#### [Problem requirements]
Extract, from the listing that follows, each line containing the word "assms".
-.-.-
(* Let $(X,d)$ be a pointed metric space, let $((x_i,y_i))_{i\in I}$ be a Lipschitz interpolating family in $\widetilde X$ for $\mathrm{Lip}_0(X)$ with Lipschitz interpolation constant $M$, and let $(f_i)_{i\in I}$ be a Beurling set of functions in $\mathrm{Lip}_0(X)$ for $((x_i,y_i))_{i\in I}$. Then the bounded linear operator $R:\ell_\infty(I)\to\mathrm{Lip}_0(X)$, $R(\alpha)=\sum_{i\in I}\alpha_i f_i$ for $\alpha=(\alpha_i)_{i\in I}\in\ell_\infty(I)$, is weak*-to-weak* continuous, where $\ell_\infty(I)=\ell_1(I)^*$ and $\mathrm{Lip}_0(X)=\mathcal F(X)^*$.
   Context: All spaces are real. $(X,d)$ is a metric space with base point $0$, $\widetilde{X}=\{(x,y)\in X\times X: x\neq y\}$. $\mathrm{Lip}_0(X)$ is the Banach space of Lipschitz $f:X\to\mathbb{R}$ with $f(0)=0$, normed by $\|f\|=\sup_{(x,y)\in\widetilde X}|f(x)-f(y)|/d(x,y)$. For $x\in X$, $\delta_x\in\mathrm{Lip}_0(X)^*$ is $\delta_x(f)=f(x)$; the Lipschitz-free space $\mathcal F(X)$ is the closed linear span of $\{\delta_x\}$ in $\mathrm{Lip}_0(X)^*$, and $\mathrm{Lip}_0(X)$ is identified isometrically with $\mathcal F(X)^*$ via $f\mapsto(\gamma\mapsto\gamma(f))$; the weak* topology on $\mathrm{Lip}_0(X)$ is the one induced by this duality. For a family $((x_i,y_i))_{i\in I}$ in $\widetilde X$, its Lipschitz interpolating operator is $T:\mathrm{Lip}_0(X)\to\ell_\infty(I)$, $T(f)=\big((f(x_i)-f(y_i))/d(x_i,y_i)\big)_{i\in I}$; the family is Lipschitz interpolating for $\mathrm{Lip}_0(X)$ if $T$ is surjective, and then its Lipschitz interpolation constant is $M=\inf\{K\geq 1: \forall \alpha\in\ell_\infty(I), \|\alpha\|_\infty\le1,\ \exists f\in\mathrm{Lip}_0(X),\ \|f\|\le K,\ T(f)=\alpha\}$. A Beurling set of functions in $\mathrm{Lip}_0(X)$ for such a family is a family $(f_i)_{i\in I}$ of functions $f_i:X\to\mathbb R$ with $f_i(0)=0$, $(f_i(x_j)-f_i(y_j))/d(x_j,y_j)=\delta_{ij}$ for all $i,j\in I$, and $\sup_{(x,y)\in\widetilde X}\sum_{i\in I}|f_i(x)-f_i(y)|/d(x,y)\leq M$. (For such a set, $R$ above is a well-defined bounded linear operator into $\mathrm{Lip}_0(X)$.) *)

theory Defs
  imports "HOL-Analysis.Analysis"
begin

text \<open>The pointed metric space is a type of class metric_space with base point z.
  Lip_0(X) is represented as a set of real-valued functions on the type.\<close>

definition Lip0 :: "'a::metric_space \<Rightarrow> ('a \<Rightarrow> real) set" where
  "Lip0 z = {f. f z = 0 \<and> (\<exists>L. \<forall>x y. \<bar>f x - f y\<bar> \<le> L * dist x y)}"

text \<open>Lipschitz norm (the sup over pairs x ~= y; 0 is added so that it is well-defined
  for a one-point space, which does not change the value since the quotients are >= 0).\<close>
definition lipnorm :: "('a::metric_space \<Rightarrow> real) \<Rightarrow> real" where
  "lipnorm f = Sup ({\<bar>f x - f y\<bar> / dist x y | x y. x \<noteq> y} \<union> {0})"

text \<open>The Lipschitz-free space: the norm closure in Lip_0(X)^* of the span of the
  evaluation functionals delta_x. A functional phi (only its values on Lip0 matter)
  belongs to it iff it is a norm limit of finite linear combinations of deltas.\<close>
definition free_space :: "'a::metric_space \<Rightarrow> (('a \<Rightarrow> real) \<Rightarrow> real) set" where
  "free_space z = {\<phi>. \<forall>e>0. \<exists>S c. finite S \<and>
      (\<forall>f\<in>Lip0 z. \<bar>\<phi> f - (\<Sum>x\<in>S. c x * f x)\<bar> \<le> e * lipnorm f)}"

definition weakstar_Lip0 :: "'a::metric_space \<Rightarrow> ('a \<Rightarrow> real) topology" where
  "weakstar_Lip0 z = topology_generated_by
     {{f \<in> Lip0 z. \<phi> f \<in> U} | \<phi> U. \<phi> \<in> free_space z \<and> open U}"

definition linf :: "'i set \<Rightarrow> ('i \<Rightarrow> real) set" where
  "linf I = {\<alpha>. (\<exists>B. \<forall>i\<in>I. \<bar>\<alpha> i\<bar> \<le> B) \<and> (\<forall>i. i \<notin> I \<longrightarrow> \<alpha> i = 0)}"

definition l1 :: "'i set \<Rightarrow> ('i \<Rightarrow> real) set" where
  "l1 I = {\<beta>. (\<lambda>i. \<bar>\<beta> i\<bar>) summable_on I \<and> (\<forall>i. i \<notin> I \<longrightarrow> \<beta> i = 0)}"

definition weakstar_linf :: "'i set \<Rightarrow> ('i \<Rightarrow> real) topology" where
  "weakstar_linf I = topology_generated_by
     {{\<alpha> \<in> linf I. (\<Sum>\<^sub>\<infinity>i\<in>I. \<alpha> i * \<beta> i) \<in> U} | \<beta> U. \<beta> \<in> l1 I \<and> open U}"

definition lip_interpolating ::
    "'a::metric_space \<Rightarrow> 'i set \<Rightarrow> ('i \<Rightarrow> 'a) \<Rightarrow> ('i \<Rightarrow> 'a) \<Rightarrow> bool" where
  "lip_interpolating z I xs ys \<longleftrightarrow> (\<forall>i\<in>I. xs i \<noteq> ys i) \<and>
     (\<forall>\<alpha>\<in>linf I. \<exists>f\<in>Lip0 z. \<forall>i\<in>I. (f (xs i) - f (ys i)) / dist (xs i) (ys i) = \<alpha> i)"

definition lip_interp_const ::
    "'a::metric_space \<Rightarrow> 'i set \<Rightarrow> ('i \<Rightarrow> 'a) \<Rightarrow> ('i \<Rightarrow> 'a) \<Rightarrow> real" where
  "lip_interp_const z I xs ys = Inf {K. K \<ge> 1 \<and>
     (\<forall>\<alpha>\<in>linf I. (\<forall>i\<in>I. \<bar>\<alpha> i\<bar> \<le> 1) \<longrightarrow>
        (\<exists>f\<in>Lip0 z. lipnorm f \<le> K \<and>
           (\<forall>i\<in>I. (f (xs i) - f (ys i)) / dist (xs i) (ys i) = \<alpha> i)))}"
-.-.-
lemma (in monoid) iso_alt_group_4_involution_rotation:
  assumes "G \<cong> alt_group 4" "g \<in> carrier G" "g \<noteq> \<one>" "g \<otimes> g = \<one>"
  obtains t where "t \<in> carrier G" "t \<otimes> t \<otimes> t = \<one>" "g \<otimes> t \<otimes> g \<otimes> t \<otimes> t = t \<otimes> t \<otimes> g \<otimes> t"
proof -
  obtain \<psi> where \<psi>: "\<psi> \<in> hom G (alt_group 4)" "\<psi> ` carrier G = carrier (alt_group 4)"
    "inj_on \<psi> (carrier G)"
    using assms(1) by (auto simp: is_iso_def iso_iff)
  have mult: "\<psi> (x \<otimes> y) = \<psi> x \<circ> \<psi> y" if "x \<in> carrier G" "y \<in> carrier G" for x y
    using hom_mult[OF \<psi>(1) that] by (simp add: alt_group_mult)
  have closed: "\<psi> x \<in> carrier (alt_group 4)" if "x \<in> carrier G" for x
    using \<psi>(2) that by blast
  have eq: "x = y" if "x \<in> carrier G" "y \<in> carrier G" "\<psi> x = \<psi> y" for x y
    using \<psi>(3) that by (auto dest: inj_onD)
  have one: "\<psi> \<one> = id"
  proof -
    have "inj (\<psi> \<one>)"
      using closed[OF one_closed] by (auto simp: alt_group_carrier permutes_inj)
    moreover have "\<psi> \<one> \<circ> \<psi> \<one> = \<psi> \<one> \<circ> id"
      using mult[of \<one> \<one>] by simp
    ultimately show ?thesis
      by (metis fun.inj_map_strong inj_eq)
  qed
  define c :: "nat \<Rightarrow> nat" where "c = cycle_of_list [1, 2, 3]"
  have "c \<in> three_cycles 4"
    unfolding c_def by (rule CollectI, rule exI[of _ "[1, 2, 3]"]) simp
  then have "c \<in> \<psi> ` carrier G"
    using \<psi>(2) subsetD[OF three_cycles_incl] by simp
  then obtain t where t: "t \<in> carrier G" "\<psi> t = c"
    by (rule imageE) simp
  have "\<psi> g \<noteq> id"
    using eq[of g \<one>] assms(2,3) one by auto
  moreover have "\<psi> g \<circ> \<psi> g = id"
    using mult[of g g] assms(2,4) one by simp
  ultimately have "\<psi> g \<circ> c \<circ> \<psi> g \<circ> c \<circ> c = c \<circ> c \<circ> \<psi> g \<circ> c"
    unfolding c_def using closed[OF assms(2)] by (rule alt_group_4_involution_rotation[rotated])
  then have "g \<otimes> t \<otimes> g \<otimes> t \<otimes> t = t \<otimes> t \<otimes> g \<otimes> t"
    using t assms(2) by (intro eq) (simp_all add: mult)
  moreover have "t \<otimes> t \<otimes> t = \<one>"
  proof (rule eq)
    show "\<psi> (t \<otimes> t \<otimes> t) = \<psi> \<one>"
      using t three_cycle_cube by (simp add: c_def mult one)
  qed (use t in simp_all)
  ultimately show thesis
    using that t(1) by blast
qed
-.-.-
#### [Task solution]
    using assms(1) by (auto simp: is_iso_def iso_iff)
    using eq[of g \<one>] assms(2,3) one by auto
    using mult[of g g] assms(2,4) one by simp
    unfolding c_def using closed[OF assms(2)] by (rule alt_group_4_involution_rotation[rotated])
    using t assms(2) by (intro eq) (simp_all add: mult)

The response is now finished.